From the dozens of books that I read when I was first pregnant, there are two that I feel made me the parent that I am today: The Family Bed (Thevenin) and The Aware Baby (Aletha Solter). Most importantly, The Aware Baby taught me how to allow my babies, now young children, to have their feelings. Because I learned how to give them the opportunity to cry, they feel completely validated on a day-to-day basis. How many of us adults are so lucky?

Why does our society abhor the act of crying? Dr. Solter has taught me that to hold and love my babies and children while they cry will allow my kids to really feel okay about any feelings that they are having. And even though I still feel stressed when they cry (stomach tightens, hot flashes, guilt, anger and sadness). I know that they NEED to cry (so do I), and the uncomfortable feelings I get are conditioned responses from many years ago.

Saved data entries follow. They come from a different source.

definition unfaithful :: "nat \<Rightarrow> complex mat \<Rightarrow> complex mat \<Rightarrow> bool" where
  "unfaithful n M N \<longleftrightarrow> (\<exists>u v. vt_word n u \<and> vt_word n v \<and> \<not> vt_eq n u v
                                \<and> word_mat n M N u = word_mat n M N v)"

definition mat3 :: "complex list list \<Rightarrow> complex mat" where
  "mat3 xs = mat_of_rows_list 3 xs"

definition M1 :: "complex \<Rightarrow> complex \<Rightarrow> complex mat" where
  "M1 e h = mat3 [[1,0,0],[0,e,(1 - e^2)/h],[0,h,-e]]"
definition N1 :: "complex \<Rightarrow> complex mat" where
  "N1 p = mat3 [[1,0,0],[0,0,p],[0,1/p,0]]"
definition M2 :: "complex \<Rightarrow> complex \<Rightarrow> complex mat" where
  "M2 e d = mat3 [[-e,(1 - e^2)/d,0],[d,e,0],[0,0,1]]"
definition N2 :: "complex \<Rightarrow> complex mat" where
  "N2 k = mat3 [[0,k,0],[1/k,0,0],[0,0,1]]"
definition M3 :: "complex \<Rightarrow> complex \<Rightarrow> complex mat" where
  "M3 d p = mat3 [[1,0,0],[d,-1,2*p - d*p^2],[0,0,1]]"
definition N3 :: "complex \<Rightarrow> complex mat" where
  "N3 p = mat3 [[1,0,0],[1/p,-1,p],[0,0,1]]"
definition M4 :: "complex \<Rightarrow> complex \<Rightarrow> complex mat" where
  "M4 h k = mat3 [[1,2*k - h*k^2,0],[0,-1,0],[0,h,1]]"
definition N4 :: "complex \<Rightarrow> complex mat" where
  "N4 k = mat3 [[1,k,0],[0,-1,0],[0,1/k,1]]"
definition M5 :: "complex \<Rightarrow> complex mat" where
  "M5 b = mat3 [[1,b,0],[0,-1,0],[0,0,1]]"
definition M6 :: "complex \<Rightarrow> complex mat" where
  "M6 b = mat3 [[-1,b,0],[0,1,0],[0,0,1]]"
definition I3 :: "complex mat" where
  "I3 = mat3 [[1,0,0],[0,1,0],[0,0,1]]"
definition M9 :: "complex mat" where
  "M9 = mat3 [[1,0,0],[0,-1,0],[0,0,-1]]"
definition M10 :: "complex mat" where
  "M10 = mat3 [[1,0,0],[0,-1,0],[0,0,1]]"
definition M12 :: "complex mat" where
  "M12 = mat3 [[-1,0,0],[0,-1,0],[0,0,1]]"

definition delta_5_14 :: "nat \<Rightarrow> complex mat \<Rightarrow> complex mat \<Rightarrow> bool" where
  "delta_5_14 n M N \<longleftrightarrow>
       (\<exists>b k. k \<noteq> 0 \<and> rep_equiv n M N (M5 b) (N2 k))
     \<or> (\<exists>b k. k \<noteq> 0 \<and> rep_equiv n M N (M6 b) (N2 k))
     \<or> (\<exists>p. p \<noteq> 0 \<and> rep_equiv n M N I3 (N3 p))
     \<or> (\<exists>k. k \<noteq> 0 \<and> rep_equiv n M N I3 (N4 k))
     \<or> (\<exists>p. p \<noteq> 0 \<and> rep_equiv n M N M9 (N1 p))
     \<or> (\<exists>p. p \<noteq> 0 \<and> rep_equiv n M N M10 (N1 p))
     \<or> (\<exists>p. p \<noteq> 0 \<and> rep_equiv n M N I3 (N1 p))
     \<or> (\<exists>k. k \<noteq> 0 \<and> rep_equiv n M N M12 (N2 k))
     \<or> (\<exists>k. k \<noteq> 0 \<and> rep_equiv n M N I3 (N2 k))
     \<or> rep_equiv n M N I3 I3"

end

(* Each of these representations satisfies a relation that fails in VT_n:
   s_1 = rho_1 for delta_3 and delta_4 at the special parameters; s_1 s_2 = s_2 s_1 whenever M is
   diagonal, which covers delta_7, ..., delta_14; and s_2 commutes with rho_1 s_1 rho_1 (delta_1,
   delta_5) or with rho_1 s_2 rho_1 (delta_2, delta_6).  These relations only involve s_1, s_2,
   rho_1, whose images act on the first four coordinates, so checking them is a 4 x 4 computation.
   They fail in VT_n because two invariants survive the defining relations: the permutation
   obtained by sending s_i and rho_i to the transposition (i i+1), and the parity of the number of
   letters s_i.  Unfaithfulness passes to equivalent representations. *)

theory Submission
  imports Defs "HOL-Combinatorics.Transposition"
begin

lemma vt_eq_foldr_eq:
  assumes "\<And>l r. (l, r) \<in> vt_rels n \<Longrightarrow> foldr f l = foldr f r"
  shows "vt_eq n u v \<Longrightarrow> foldr f u = foldr f v"
  by (induction rule: vt_eq.induct) (auto simp: fun_eq_iff assms)

fun vt_index :: "vt_gen \<Rightarrow> nat" where
  "vt_index (S i) = i"
| "vt_index (R i) = i"

definition vt_perm :: "vt_gen list \<Rightarrow> nat \<Rightarrow> nat" where
  "vt_perm = foldr (\<lambda>g. transpose (vt_index g) (Suc (vt_index g)))"

lemma vt_eq_vt_perm: "vt_eq n u v \<Longrightarrow> vt_perm u = vt_perm v"
  unfolding vt_perm_def
  by (rule vt_eq_foldr_eq) (auto simp: vt_rels_def fun_eq_iff transpose_def)

fun s_flip :: "vt_gen \<Rightarrow> bool \<Rightarrow> bool" where
  "s_flip (S i) = Not"
| "s_flip (R i) = id"

lemma vt_eq_s_flip: "vt_eq n u v \<Longrightarrow> foldr s_flip u = foldr s_flip v"
  by (rule vt_eq_foldr_eq) (auto simp: vt_rels_def)

lemma not_vt_eq_S1_R1: "\<not> vt_eq n [S 1] [R 1]"
  using vt_eq_s_flip[of n "[S 1]" "[R 1]"] by (auto simp: fun_eq_iff)

lemma not_vt_eq_S1S2_S2S1: "\<not> vt_eq n [S 1, S 2] [S 2, S 1]"
proof
  have "vt_perm [S 1, S 2] 1 \<noteq> vt_perm [S 2, S 1] 1"
    by (simp add: vt_perm_def transpose_def)
  then show "vt_eq n [S 1, S 2] [S 2, S 1] \<Longrightarrow> False"
    using vt_eq_vt_perm by metis
qed

lemma not_vt_eq_S2R1S1R1: "\<not> vt_eq n [S 2, R 1, S 1, R 1] [R 1, S 1, R 1, S 2]"
proof
  have "vt_perm [S 2, R 1, S 1, R 1] 1 \<noteq> vt_perm [R 1, S 1, R 1, S 2] 1"
    by (simp add: vt_perm_def transpose_def)
  then show "vt_eq n [S 2, R 1, S 1, R 1] [R 1, S 1, R 1, S 2] \<Longrightarrow> False"
    using vt_eq_vt_perm by metis
qed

I am convinced that if all the babies born today were given the right to cry, we would see an incredible improvement in society in the years to come. Perhaps if every mother read Dr. Solter's works, we would have no more war. I have never felt so strongly about anything in my life as I do the idea of validating other human beings...especially from day one!

My five-year-old son is extraordinarily communicative. Since the day he was born, he has been HEARD. He always knows that whatever he is feeling, thinking or saying is HEARD by me and his father. He has been given permission to HAVE his feelings...mostly because he was allowed to cry. I am also an advocate of the P.E.T. model (Thomas Gordon's Parent Effectiveness Training) which promotes active listening. If a baby or child (or adult for that matter) is allowed to cry and is actively listened to, then how validated they must feel! The results are astounding!

Abby Greer
Ravenna, Ohio, U.S.A.

March 11, 1998

Dear Aletha,

I have read your articles but have not read your books. Your website is 100% in line with my thinking. I believe that too often, shoving a breast into a toddler's or child's mouth can stifle their expression of feelings. I feel we should teach children to verbalize their feelings rather than use comfort measures such as nursing, eating, smoking, drinking, or whatever. I believe that crying is good. What I need clarified is whether or not you advocate not soothing children at all by hugging, rocking, etc. while they are crying. I believe that if a child is hurt and is crying, a parent should ask her if she would like to be held while the pain goes away. What do you think?

Many regards,

Judy Arnall
Calgary, Alberta, Canada

Reply from Aletha Solter:

Thanks for your message. I make it clear in my books that no child should ever be left to cry alone. With infants, I recommend always picking the baby up and looking for immediate needs. Once all needs have been met, I encourage parents to continue holding babies while they are crying to provide loving emotional support. It's important to establish a genuine listening relationship right from the start. Past infancy, most children who are upset for any reason will spontaneously come to their parent to be held if they feel safe enough to do so. If not, I would certainly offer to hold a crying child.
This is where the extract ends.